2020 Virtual AIChE Annual Meeting
(411b) Tighter Bounds on Moment Trajectories of Stochastic Processes Via Semidefinite Programming
Moment bounding schemes for stationary as well as exit time and location distributions have been successfully employed in a range of applications including analysis of stochastic reaction networks [3, 8, 10, 5, 2], diffusion processes [11, 7] and the pricing of financial derivatives [6, 9]. In contrast, bounding schemes for moment trajectories are less well-established. In this work, we extend the recently proposed semidefinite programming based bounding scheme for transient moment solutions of the Chemical Master Equation by Dowdy and Barton [4]. The main contribution is a novel hierarchy of linear and semidefinite moment conditions which directly reflects temporal causality of the moment trajectories.
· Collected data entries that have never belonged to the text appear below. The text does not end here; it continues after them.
(* Let $k\ge 1$ and let $L=(l_1,\ldots,l_k)$ be a sequence of positive integers, and let $S=S(L)$ be the spider defined by $L$. Let $t$ be an integer with $1\le t\le \alpha(S)$. Then for each $1\le i\le k$ and each $1\le j<l_i$ we have $$|\mathcal{I}^t_{v_{i,j}}(S)|\le |\mathcal{I}^t_{v_{i,l_i}}(S)|.$$
   Context: For a graph $G$, $\alpha(G)$ is the maximum size of an independent set in $G$, and for an integer $t\le\alpha(G)$, $\mathcal{I}^t(G)$ denotes the family of all independent sets of $G$ of size $t$. For a vertex $x$, $\mathcal{I}^t_x(G)$ denotes the subfamily of sets in $\mathcal{I}^t(G)$ containing $x$ (the star centered at $x$). Given a sequence of positive integers $L=(l_1,\ldots,l_k)$, the spider $S(L)$ is the tree consisting of a head vertex $v_0$ and, for each $1\le i\le k$, a leg which is the path $v_0,v_{i,1},v_{i,2},\ldots,v_{i,l_i}$; distinct legs share only $v_0$. *)

theory Defs
  imports Main
begin

definition indep_set :: "'a set \<Rightarrow> ('a \<Rightarrow> 'a \<Rightarrow> bool) \<Rightarrow> 'a set \<Rightarrow> bool" where
  "indep_set V E A \<longleftrightarrow> A \<subseteq> V \<and> (\<forall>x\<in>A. \<forall>y\<in>A. \<not> E x y)"

text \<open>Independence number (V finite).\<close>
definition indep_number :: "'a set \<Rightarrow> ('a \<Rightarrow> 'a \<Rightarrow> bool) \<Rightarrow> nat" where
  "indep_number V E = Max (card ` {A. indep_set V E A})"

definition indep_family :: "'a set \<Rightarrow> ('a \<Rightarrow> 'a \<Rightarrow> bool) \<Rightarrow> nat \<Rightarrow> 'a set set" where
  "indep_family V E t = {A. indep_set V E A \<and> card A = t}"

definition indep_star :: "'a set \<Rightarrow> ('a \<Rightarrow> 'a \<Rightarrow> bool) \<Rightarrow> nat \<Rightarrow> 'a \<Rightarrow> 'a set set" where
  "indep_star V E t x = {A \<in> indep_family V E t. x \<in> A}"

text \<open>Spider vertices: the head v_0, and Leg i j = v_{i,j} (1-based indices).\<close>
datatype spider_vertex = Head | Leg nat nat

text \<open>Spider S(L) for L = [l_1, ..., l_k]; leg i has length L ! (i - 1).\<close>
definition spider_vertices :: "nat list \<Rightarrow> spider_vertex set" where
  "spider_vertices L = insert Head {Leg i j | i j. 1 \<le> i \<and> i \<le> length L \<and> 1 \<le> j \<and> j \<le> L ! (i - 1)}"

definition spider_adj0 :: "nat list \<Rightarrow> spider_vertex \<Rightarrow> spider_vertex \<Rightarrow> bool" where
  "spider_adj0 L u v \<longleftrightarrow>
     (\<exists>i. 1 \<le> i \<and> i \<le> length L \<and> 1 \<le> L ! (i - 1) \<and> u = Head \<and> v = Leg i 1) \<or>
     (\<exists>i j. 1 \<le> i \<and> i \<le> length L \<and> 1 \<le> j \<and> j + 1 \<le> L ! (i - 1) \<and> u = Leg i j \<and> v = Leg i (j + 1))"

definition spider_adj :: "nat list \<Rightarrow> spider_vertex \<Rightarrow> spider_vertex \<Rightarrow> bool" where
  "spider_adj L u v \<longleftrightarrow> spider_adj0 L u v \<or> spider_adj0 L v u"

end

theory Submission
  imports Defs
begin

text \<open>Reflecting the segment \<open>v\<^sub>i\<^sub>,\<^sub>j, \<dots>, v\<^sub>i\<^sub>,\<^sub>l\<close> of the leg onto itself maps every
  independent set through \<open>v\<^sub>i\<^sub>,\<^sub>j\<close> but not through the leaf \<open>v\<^sub>i\<^sub>,\<^sub>l\<close> to one through the leaf:
  the only edge it destroys, \<open>v\<^sub>i\<^sub>,\<^sub>j\<^sub>-\<^sub>1 v\<^sub>i\<^sub>,\<^sub>j\<close>, becomes the non-edge \<open>v\<^sub>i\<^sub>,\<^sub>j\<^sub>-\<^sub>1 v\<^sub>i\<^sub>,\<^sub>l\<close>, and
  no new edge appears because the leaf has no neighbour beyond it. Keeping the sets that already
  contain the leaf fixed gives an injection between the two stars.\<close>

lemma card_indep_star_le_by_involution:
  assumes "finite V"
    and "s ` V \<subseteq> V"
    and involution: "\<And>v. s (s v) = v"
    and "s x = y"
    and adj: "\<And>a b. a \<in> V \<Longrightarrow> b \<in> V \<Longrightarrow> E (s a) (s b) \<Longrightarrow> E a b \<or> a = y \<or> b = y"
  shows "card (indep_star V E t x) \<le> card (indep_star V E t y)"
proof -
  define f where "f A = (if y \<in> A then A else s ` A)" for A
  have inj_s: "inj_on s X" for X
    by (metis involution inj_onI)
  have "s y = x"
    using \<open>s x = y\<close> involution by metis
  have "f A \<in> indep_star V E t y" if A: "A \<in> indep_star V E t x" for A
  proof (cases "y \<in> A")
    case True
    then show ?thesis using A by (simp add: f_def indep_star_def)
  next
    case False
    have "A \<subseteq> V" "\<forall>a\<in>A. \<forall>b\<in>A. \<not> E a b" "card A = t" "x \<in> A"
      using A by (auto simp: indep_star_def indep_family_def indep_set_def)
    then have "indep_set V E (s ` A)" "card (s ` A) = t" "y \<in> s ` A"
      using False \<open>s ` V \<subseteq> V\<close> \<open>s x = y\<close> adj card_image[OF inj_s]
      by (auto simp: indep_set_def) blast+
    then show ?thesis
      using False by (simp add: f_def indep_star_def indep_family_def)
  qed
  moreover have "inj_on f (indep_star V E t x)"
  proof (rule inj_onI)
    fix A B assume "A \<in> indep_star V E t x" "B \<in> indep_star V E t x" "f A = f B"
    moreover have "x \<notin> s ` X" if "y \<notin> X" for X
      using that \<open>s y = x\<close> inj_s by (metis imageE involution)
    moreover have "s ` s ` X = X" for X
      by (simp add: image_image involution)
    ultimately show "A = B"
      by (auto simp: f_def indep_star_def split: if_splits) (metis+)
  qed
  moreover have "finite (indep_star V E t y)"
    by (rule finite_subset[of _ "Pow V"])
      (auto simp: indep_star_def indep_family_def indep_set_def \<open>finite V\<close>)
  ultimately show ?thesis
    by (intro card_inj_on_le) auto
qed

lemma finite_spider_vertices: "finite (spider_vertices L)"
proof (rule finite_subset)
  show "spider_vertices L \<subseteq> insert Head (case_prod Leg ` (SIGMA a:{..length L}. {..L ! (a - 1)}))"
    by (auto simp: spider_vertices_def)
qed auto

definition leg_reflect :: "nat \<Rightarrow> nat \<Rightarrow> nat \<Rightarrow> spider_vertex \<Rightarrow> spider_vertex" where
  "leg_reflect i j l v = (case v of Head \<Rightarrow> Head | Leg a m \<Rightarrow>
      (if a = i \<and> j \<le> m \<and> m \<le> l then Leg i (j + l - m) else Leg a m))"

lemma leg_reflect_involution: "j \<le> l \<Longrightarrow> leg_reflect i j l (leg_reflect i j l v) = v"
  by (cases v) (auto simp: leg_reflect_def)

lemma leg_reflect_start: "j \<le> l \<Longrightarrow> leg_reflect i j l (Leg i j) = Leg i l"
  by (simp add: leg_reflect_def)

lemma leg_reflect_spider_vertices:
  assumes "1 \<le> j" "j \<le> l" "l = L ! (i - 1)"
  shows "leg_reflect i j l ` spider_vertices L \<subseteq> spider_vertices L"
  using assms by (auto simp: spider_vertices_def leg_reflect_def)

lemma spider_adj_leg_reflect:
  assumes "spider_adj L (leg_reflect i j l a) (leg_reflect i j l b)" "1 \<le> j" "j \<le> l" "l = L ! (i - 1)"
  shows "spider_adj L a b \<or> a = Leg i l \<or> b = Leg i l"
  using assms by (cases a; cases b;
    auto simp: spider_adj_def spider_adj0_def leg_reflect_def split: if_splits; arith)

theorem theorem2p1:
  fixes L :: "nat list" and t i j :: nat
  assumes "length L \<ge> 1"
    and "\<forall>l\<in>set L. l > 0"
    and "1 \<le> t" and "t \<le> indep_number (spider_vertices L) (spider_adj L)"
    and "1 \<le> i" and "i \<le> length L"
    and "1 \<le> j" and "j < L ! (i - 1)"
  shows "card (indep_star (spider_vertices L) (spider_adj L) t (Leg i j))
         \<le> card (indep_star (spider_vertices L) (spider_adj L) t (Leg i (L ! (i - 1))))"
proof (rule card_indep_star_le_by_involution)
  let ?l = "L ! (i - 1)"
  have "j \<le> ?l" using assms by simp
  then show "\<And>v. leg_reflect i j ?l (leg_reflect i j ?l v) = v"
    and "leg_reflect i j ?l (Leg i j) = Leg i ?l"
    and "leg_reflect i j ?l ` spider_vertices L \<subseteq> spider_vertices L"
    and "\<And>a b. spider_adj L (leg_reflect i j ?l a) (leg_reflect i j ?l b) \<Longrightarrow>
           spider_adj L a b \<or> a = Leg i ?l \<or> b = Leg i ?l"
    using \<open>1 \<le> j\<close> leg_reflect_involution leg_reflect_start leg_reflect_spider_vertices
      spider_adj_leg_reflect by auto
qed (rule finite_spider_vertices)

end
These constraints allow to tighten the generated bounds considerably while possessing a favorable scaling behavior (linear vs. combinatorial) when compared to the set of moment conditions employed by Dowdy and Barton [4]. Additionally, we present a new bounding scheme based on a polynomial restriction of a related continuous-time optimal control problem. The resultant infinite dimensional optimization problem is reduced to a finite semidefinite program via a sum-of-squares characterizations of matrix polynomials [1] to enforce semidefinite constraints over the continuum of time. As an aside, we note that all results naturally extend to bounding the transient moments associated with stochastic processes described by Itô differential equations with polynomial drift and diffusion coefficients. We illustrate the results with examples drawn from stochastic chemical kinetics and other fields.